If you have lots and lots of tables, autovacuum only checks one at a
time, then wait's a bit.  Did you run your test for several days?

You can take a look on pg_stat_all_tables, under the *vacuum columns, to
see if it ever even ran.  (a date in last_autovacuum would indicate a
successful run, it wont show failures).  It should, however, write
something to the system log.  I recall something like "autovacuum
canceled because...something or other" type a message.

While you are running a test, you could keep an eye on the log to see if
you get any of those messages.  I think that would indicate autovacuum
could not get a lock.  You can also watch pg_stat_activity during the
test, current_query will show you what table is being vacuumed.

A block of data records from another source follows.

lemma det_submatrix_cols_eq_0_imp_dependency:
  fixes B :: "'a :: field mat"
  assumes B: "B \<in> carrier_mat n N" and J: "J \<subseteq> {..<N}" "card J = n"
    and det: "det (submatrix B UNIV J) = 0"
  shows "\<exists>y. (\<exists>p\<in>J. y p \<noteq> 0) \<and> (\<forall>p. p \<notin> J \<longrightarrow> y p = 0)
             \<and> (\<forall>r<n. (\<Sum>p<N. B $$ (r, p) * y p) = 0)"
proof -
  let ?A = "submatrix B UNIV J"
  have cols: "{j. j < N \<and> j \<in> J} = J"
    using J(1) by blast
  have A: "?A \<in> carrier_mat n n"
    using B unfolding carrier_mat_def by (simp add: dim_submatrix cols J(2))
  have "\<exists>x. x \<in> carrier_vec n \<and> x \<noteq> 0\<^sub>v n \<and> ?A *\<^sub>v x = 0\<^sub>v n"
    using det det_0_iff_vec_prod_zero_field[OF A] by simp
  then obtain x where x: "x \<in> carrier_vec n" "x \<noteq> 0\<^sub>v n" "?A *\<^sub>v x = 0\<^sub>v n"
    by blast
  define y where "y p = (if p \<in> J then x $ card {a \<in> J. a < p} else 0)" for p
  have y_pick: "pick J j \<in> J \<and> y (pick J j) = x $ j" if "j < n" for j
  proof -
    have "pick J j \<in> J" "card {a \<in> J. a < pick J j} = j"
      using that J(2) pick_in_set card_pick by auto
    then show ?thesis
      by (simp add: y_def)
  qed
  have y_outside: "y p = 0" if "p \<notin> J" for p
    using that by (simp add: y_def)
  show ?thesis
  proof (intro exI conjI allI impI)
    have "\<exists>j<n. x $ j \<noteq> 0"
    proof (rule ccontr)
      assume "\<not> (\<exists>j<n. x $ j \<noteq> 0)"
      then have "x = 0\<^sub>v n"
        using x(1) by (intro eq_vecI) auto
      then show False
        using x(2) by simp
    qed
    then obtain j where "j < n" "x $ j \<noteq> 0"
      by blast
    then show "\<exists>p\<in>J. y p \<noteq> 0"
      using y_pick by (intro bexI[of _ "pick J j"]) auto
    show "p \<notin> J \<Longrightarrow> y p = 0" for p
      by (rule y_outside)
    fix r assume "r < n"
    have "(\<Sum>p<N. B $$ (r, p) * y p) = (\<Sum>j<card J. B $$ (r, pick J j) * y (pick J j))"
      by (rule sum_supported_reindex_pick[OF J(1) y_outside])
    also have "\<dots> = (\<Sum>j<n. B $$ (r, pick J j) * x $ j)"
      unfolding J(2) using y_pick by (intro sum.cong) auto
    also have "\<dots> = (?A *\<^sub>v x) $ r"
      using \<open>r < n\<close> x(1) A B
      by (auto simp: scalar_prod_def submatrix_index pick_UNIV cols J(2) lessThan_atLeast0
          intro!: sum.cong)
    also have "\<dots> = 0"
      using x(3) \<open>r < n\<close> by simp
    finally show "(\<Sum>p<N. B $$ (r, p) * y p) = 0" .
  qed
qed

lemma cos_2pi_div_bounds:
  assumes "m \<ge> 4"
  shows "0 \<le> cos (2 * pi / real m)" "cos (2 * pi / real m) < 1" "0 < sin (2 * pi / real m)"
proof -
  have "0 < 2 * pi / real m" "2 * pi / real m \<le> pi / 2"
    using assms by (simp_all add: field_simps)
  then show "0 \<le> cos (2 * pi / real m)" "cos (2 * pi / real m) < 1" "0 < sin (2 * pi / real m)"
    using cos_monotone_0_pi[of 0 "2 * pi / real m"] by (auto intro: cos_ge_zero sin_gt_zero)
qed

lemma cos_2pi_frac_less:
  fixes m s :: nat
  assumes "2 \<le> s" "s + 2 \<le> m"
  shows "cos (2 * pi * real s / real m) < cos (2 * pi / real m)"
proof -
  define t where "t = min s (m - s)"
  have "cos (2 * pi * real s / real m) = cos (2 * pi * real t / real m)"
  proof (cases "s \<le> m - s")
    case False
    have "2 * pi * real (m - s) / real m = 2 * pi - 2 * pi * real s / real m"
      using assms by (simp add: field_simps of_nat_diff)
    then show ?thesis
      using False by (simp add: t_def)
  qed (simp add: t_def)
  moreover have "2 * pi / real m < 2 * pi * real t / real m" "2 * pi * real t / real m \<le> pi"
    using assms by (auto simp: t_def field_simps of_nat_diff)
  ultimately show ?thesis
    using cos_monotone_0_pi[of "2 * pi / real m" "2 * pi * real t / real m"] assms by simp
qed

locale cyclic_frame =
  fixes m :: nat
  assumes four_le_m: "4 \<le> m"
begin

definition gap :: real where
  "gap = 1 - cos (2 * pi / real m)"

definition eta :: complex where
  "eta = Complex ((1 + cos (2 * pi / real m)) / 2) (sqrt (1 - ((1 + cos (2 * pi / real m)) / 2)\<^sup>2))"

definition P_wt :: "nat \<Rightarrow> real" where
  "P_wt s = (cmod (e_frac m (real s) - eta))\<^sup>2"

definition Q_wt :: "nat \<Rightarrow> real" where
  "Q_wt s = (cmod (e_frac m (real s) - cnj eta))\<^sup>2"

definition tau :: "nat \<Rightarrow> real" where
  "tau s = sqrt (Q_wt s - gap\<^sup>2 / P_wt s)"

lemma gap_pos: "0 < gap"
  using cos_2pi_div_bounds[OF four_le_m] by (simp add: gap_def)

lemma Re_eta: "Re eta = (1 + cos (2 * pi / real m)) / 2"
  by (simp add: eta_def)

lemma Im_eta_pos: "0 < Im eta"
proof -
  have "0 \<le> cos (2 * pi / real m)" "cos (2 * pi / real m) < 1"
    using cos_2pi_div_bounds[OF four_le_m] by simp_all
  then have "((1 + cos (2 * pi / real m)) / 2)\<^sup>2 < 1"
    by (simp add: abs_square_less_1)
  then show ?thesis
    by (simp add: eta_def)
qed

lemma eta_mult_cnj [simp]: "eta * cnj eta = 1"
proof -
  have "((1 + cos (2 * pi / real m)) / 2)\<^sup>2 \<le> 1"
    using cos_2pi_div_bounds[OF four_le_m] by (simp add: abs_square_le_1)
  then show ?thesis
    by (simp add: complex_mult_cnj eta_def)
qed

lemma P_wt_complex:
  "complex_of_real (P_wt s) = 2 - cnj eta * e_frac m (real s) - eta * e_frac m (- real s)"
  unfolding P_wt_def complex_norm_square by (simp add: algebra_simps cnj_e_frac)

lemma Q_wt_complex:
  "complex_of_real (Q_wt s) = 2 - eta * e_frac m (real s) - cnj eta * e_frac m (- real s)"
proof -
  have "cnj eta * eta = 1"
    by (simp add: mult.commute)
  then show ?thesis
    unfolding Q_wt_def complex_norm_square by (simp add: algebra_simps cnj_e_frac)
qed

lemma P_wt_mult_Q_wt:
  "P_wt s * Q_wt s = (2 * cos (2 * pi * real s / real m) - 1 - cos (2 * pi / real m))\<^sup>2"
proof -
  let ?u = "e_frac m (real s)"
  let ?x = "2 * Re ?u - 2 * Re eta"
  have "(?u - eta) * (?u - cnj eta) = ?u * ((?u + cnj ?u) - (eta + cnj eta))"
    using eta_mult_cnj e_frac_mult_cnj[of m "real s"] by (simp add: algebra_simps)
  also have "\<dots> = ?u * complex_of_real ?x"
    by (simp add: complex_add_cnj)
  finally have factor: "(?u - eta) * (?u - cnj eta) = ?u * complex_of_real ?x" .
  have "P_wt s * Q_wt s = (cmod ((?u - eta) * (?u - cnj eta)))\<^sup>2"
    unfolding P_wt_def Q_wt_def by (simp add: norm_mult power_mult_distrib)
  also have "\<dots> = ?x\<^sup>2"
    unfolding factor norm_mult norm_e_frac norm_of_real by simp
  finally show ?thesis
    by (simp add: Re_e_frac Re_eta add_divide_distrib diff_diff_eq)
qed

lemma e_frac_last: "e_frac m (real (m - 1)) = cnj (e_frac m 1)"
proof -
  have "real (m - 1) = - 1 + real m * of_int 1"
    using four_le_m by (simp add: of_nat_diff)
  then show ?thesis
    using four_le_m e_frac_shift[of m "- 1" 1] by (simp add: cnj_e_frac)
qed

lemma cos_2pi_frac_cases:
  assumes "s < m"
  obtains "s = 0" "cos (2 * pi * real s / real m) = 1"
  | "s = 1 \<or> s = m - 1" "cos (2 * pi * real s / real m) = cos (2 * pi / real m)"
  | "2 \<le> s" "s \<le> m - 2" "cos (2 * pi * real s / real m) < cos (2 * pi / real m)"
proof -
  have "Re (e_frac m (real (m - 1))) = Re (e_frac m 1)"
    unfolding e_frac_last by simp
  then have "cos (2 * pi * real (m - 1) / real m) = cos (2 * pi / real m)"
    by (simp add: Re_e_frac)
  then show ?thesis
    using that assms four_le_m cos_2pi_frac_less[of s m]
    by (cases "s = 0 \<or> s = 1 \<or> s = m - 1") auto
qed

lemma gap_sq_le_P_wt_mult_Q_wt: "s < m \<Longrightarrow> gap\<^sup>2 \<le> P_wt s * Q_wt s"
  and P_wt_mult_Q_wt_eq: "s \<in> {0, 1, m - 1} \<Longrightarrow> P_wt s * Q_wt s = gap\<^sup>2"
  and gap_sq_less_P_wt_mult_Q_wt: "2 \<le> s \<Longrightarrow> s \<le> m - 2 \<Longrightarrow> gap\<^sup>2 < P_wt s * Q_wt s"
proof -
  define c where "c = cos (2 * pi / real m)"
  have "0 \<le> c" "c < 1"
    using cos_2pi_div_bounds[OF four_le_m] by (simp_all add: c_def)
  have PQ: "P_wt s * Q_wt s = (2 * cos (2 * pi * real s / real m) - 1 - c)\<^sup>2" and "gap = 1 - c" for s
    by (simp_all add: P_wt_mult_Q_wt gap_def c_def)
  have less: "gap\<^sup>2 < P_wt s * Q_wt s" if "cos (2 * pi * real s / real m) < c" for s
  proof -
    have "(1 - c)\<^sup>2 < (1 + c - 2 * cos (2 * pi * real s / real m))\<^sup>2"
      using that \<open>c < 1\<close> by (intro power_strict_mono) auto
    then show ?thesis
      unfolding PQ \<open>gap = 1 - c\<close> by (simp add: power2_eq_square algebra_simps)
  qed
  have eq: "P_wt s * Q_wt s = gap\<^sup>2" if "cos (2 * pi * real s / real m) = 1 \<or> cos (2 * pi * real s / real m) = c" for s
    unfolding PQ \<open>gap = 1 - c\<close> using that by (auto simp: power2_commute)
  show "gap\<^sup>2 \<le> P_wt s * Q_wt s" if "s < m"
    using that by (cases rule: cos_2pi_frac_cases) (use less eq c_def in fastforce)+
  show "P_wt s * Q_wt s = gap\<^sup>2" if "s \<in> {0, 1, m - 1}"
  proof -
    have "s < m"
      using that four_le_m by auto
    then show ?thesis
      using that by (cases rule: cos_2pi_frac_cases) (use eq c_def in auto)
  qed
  show "gap\<^sup>2 < P_wt s * Q_wt s" if "2 \<le> s" "s \<le> m - 2"
    using less cos_2pi_frac_less[of s m] that four_le_m c_def by simp
qed

lemma P_wt_pos: "s < m \<Longrightarrow> 0 < P_wt s"
  using gap_sq_le_P_wt_mult_Q_wt[of s] gap_pos unfolding P_wt_def
  by (cases "P_wt s = 0") (auto simp: P_wt_def)

lemma P_wt_0: "P_wt 0 = gap"
proof -
  have "(cmod eta)\<^sup>2 = 1"
    using complex_norm_square[of eta] eta_mult_cnj by (simp only: of_real_eq_1_iff)
  then have "(Re eta)\<^sup>2 + (Im eta)\<^sup>2 = 1"
    unfolding cmod_power2 .
  then show ?thesis
    unfolding P_wt_def cmod_power2 by (simp add: Re_eta gap_def power2_eq_square algebra_simps)
qed

lemma Q_wt_minus_P_wt: "Q_wt s - P_wt s = 4 * Im eta * sin (2 * pi * real s / real m)"
  unfolding P_wt_def Q_wt_def cmod_power2 by (simp add: Im_e_frac power2_eq_square algebra_simps)

lemma P_wt_last: "P_wt (m - 1) = Q_wt 1"
proof -
  have "cmod (cnj (e_frac m 1) - eta) = cmod (e_frac m 1 - cnj eta)"
    by (metis complex_cnj_cnj complex_cnj_diff complex_mod_cnj)
  then show ?thesis
    unfolding P_wt_def Q_wt_def e_frac_last by simp
qed

lemma P_wt_1_mult_P_wt_last: "P_wt 1 * P_wt (m - 1) = gap\<^sup>2"
  unfolding P_wt_last using P_wt_mult_Q_wt_eq[of 1] by simp

lemma P_wt_1_less_P_wt_last: "P_wt 1 < P_wt (m - 1)"
proof -
  have "0 < 4 * Im eta * sin (2 * pi / real m)"
    using Im_eta_pos cos_2pi_div_bounds[OF four_le_m] by simp
  then show ?thesis
    unfolding P_wt_last using Q_wt_minus_P_wt[of 1] by simp
qed

lemma tau_sq: "s < m \<Longrightarrow> (tau s)\<^sup>2 = Q_wt s - gap\<^sup>2 / P_wt s"
  using gap_sq_le_P_wt_mult_Q_wt[of s] P_wt_pos[of s]
  by (simp add: tau_def divide_le_eq mult.commute)

lemma tau_eq_0: "s \<in> {0, 1, m - 1} \<Longrightarrow> tau s = 0"
  using P_wt_mult_Q_wt_eq[of s] P_wt_pos[of s] four_le_m
  by (auto simp: tau_def field_simps)

lemma tau_pos: "2 \<le> s \<Longrightarrow> s \<le> m - 2 \<Longrightarrow> 0 < tau s"
  using gap_sq_less_P_wt_mult_Q_wt[of s] P_wt_pos[of s]
  by (simp add: tau_def divide_less_eq mult.commute)

definition Wv :: "complex mat" where
  "Wv = mat (2 * m - 3) m (\<lambda>(r, i).
     if r < m then (e_frac m (real r) - eta) * e_frac m (real r * real i) else 0)"

definition Ww :: "complex mat" where
  "Ww = mat (2 * m - 3) m (\<lambda>(r, i).
     if r < m then complex_of_real gap / cnj (e_frac m (real r) - eta) * e_frac m (real r * real i)
     else complex_of_real (tau (r + 2 - m)) * e_frac m (real (r + 2 - m) * real i))"

lemma Wv_carrier: "Wv \<in> carrier_mat (2 * m - 3) m"
  by (simp add: Wv_def)

lemma Ww_carrier: "Ww \<in> carrier_mat (2 * m - 3) m"
  by (simp add: Ww_def)

lemma Wv_fourier_row: "r < m \<Longrightarrow> i < m \<Longrightarrow> Wv $$ (r, i) = (e_frac m (real r) - eta) * e_frac m (real r * real i)"
  using four_le_m by (simp add: Wv_def)

lemma Ww_fourier_row:
  "r < m \<Longrightarrow> i < m \<Longrightarrow> Ww $$ (r, i) = complex_of_real gap / cnj (e_frac m (real r) - eta) * e_frac m (real r * real i)"
  using four_le_m by (simp add: Ww_def)

lemma extra_row_index:
  assumes "s \<in> {2..m - 2}"
  shows "s + (m - 2) < 2 * m - 3" "\<not> s + (m - 2) < m" "s + (m - 2) + 2 - m = s"
  using assms four_le_m by auto

lemma Wv_extra_row: "s \<in> {2..m - 2} \<Longrightarrow> i < m \<Longrightarrow> Wv $$ (s + (m - 2), i) = 0"
  using extra_row_index[of s] by (simp add: Wv_def)

lemma Ww_extra_row:
  "s \<in> {2..m - 2} \<Longrightarrow> i < m \<Longrightarrow> Ww $$ (s + (m - 2), i) = complex_of_real (tau s) * e_frac m (real s * real i)"
  using extra_row_index[of s] by (simp add: Ww_def)

lemma sum_rows_split: "(\<Sum>r<2 * m - 3. h r) = (\<Sum>s<m. h s) + (\<Sum>s\<in>{2..m - 2}. h (s + (m - 2)))"
proof -
  have "(\<Sum>r<2 * m - 3. h r) = (\<Sum>s<m. h s) + (\<Sum>s<m - 3. h (m + s))"
    using sum_lessThan_add_split[of h m "m - 3"] four_le_m by (simp add: mult_2)
  also have "(\<Sum>s<m - 3. h (m + s)) = (\<Sum>s\<in>{2..m - 2}. h (s + (m - 2)))"
  proof (rule sum.reindex_bij_witness[where i = "\<lambda>s. s - 2" and j = "\<lambda>s. s + 2"])
    fix s assume "s \<in> {..<m - 3}"
    moreover have "s + 2 + (m - 2) = m + s"
      using four_le_m by simp
    ultimately show "s + 2 - 2 = s" "s + 2 \<in> {2..m - 2}" "h (s + 2 + (m - 2)) = h (m + s)"
      by auto
  qed auto
  finally show ?thesis .
qed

At worst case, if your usage does prevent autovacuum from running, you
can still run it yourself.  Either at a scheduled downtime, or as part
of your regular client sql.

-Andy

Re: Vacuum as "easily obtained" locks

From
Scott Marlowe
Date:
On Wed, Aug 3, 2011 at 8:03 AM, Andy Colson <andy@squeakycode.net> wrote:
> If you have lots and lots of tables, autovacuum only checks one at a time,
> then wait's a bit.  Did you run your test for several days?

Not true.  autovac naps by default 1 minute between each db. i.e. if
you have 5 dbs it takes 5 minutes by default to check each database.
So if autovac is on it should have run within a few minutes on his
database, unless he has hundreds of dbs.

Re: Vacuum as "easily obtained" locks

From
Tom Lane
Date:
Michael Graham <mgraham@bloxx.com> writes:
> From reading the documentation I see that postgres would return this
> space to that system after a normal vacuum if "one or more pages at the
> end of a table become entirely free and an exclusive table lock can be
> easily obtained".

> What does "easily obtained" mean in this context?

It means that AccessExclusiveLock can be obtained without waiting, ie,
there is nothing else accessing the table at the instant VACUUM decides
to try to truncate the file.

> Would my applications
> constant polling of the queue mean that the lock could not be easily
> obtained?

Very possible, depending on what duty cycle is involved there.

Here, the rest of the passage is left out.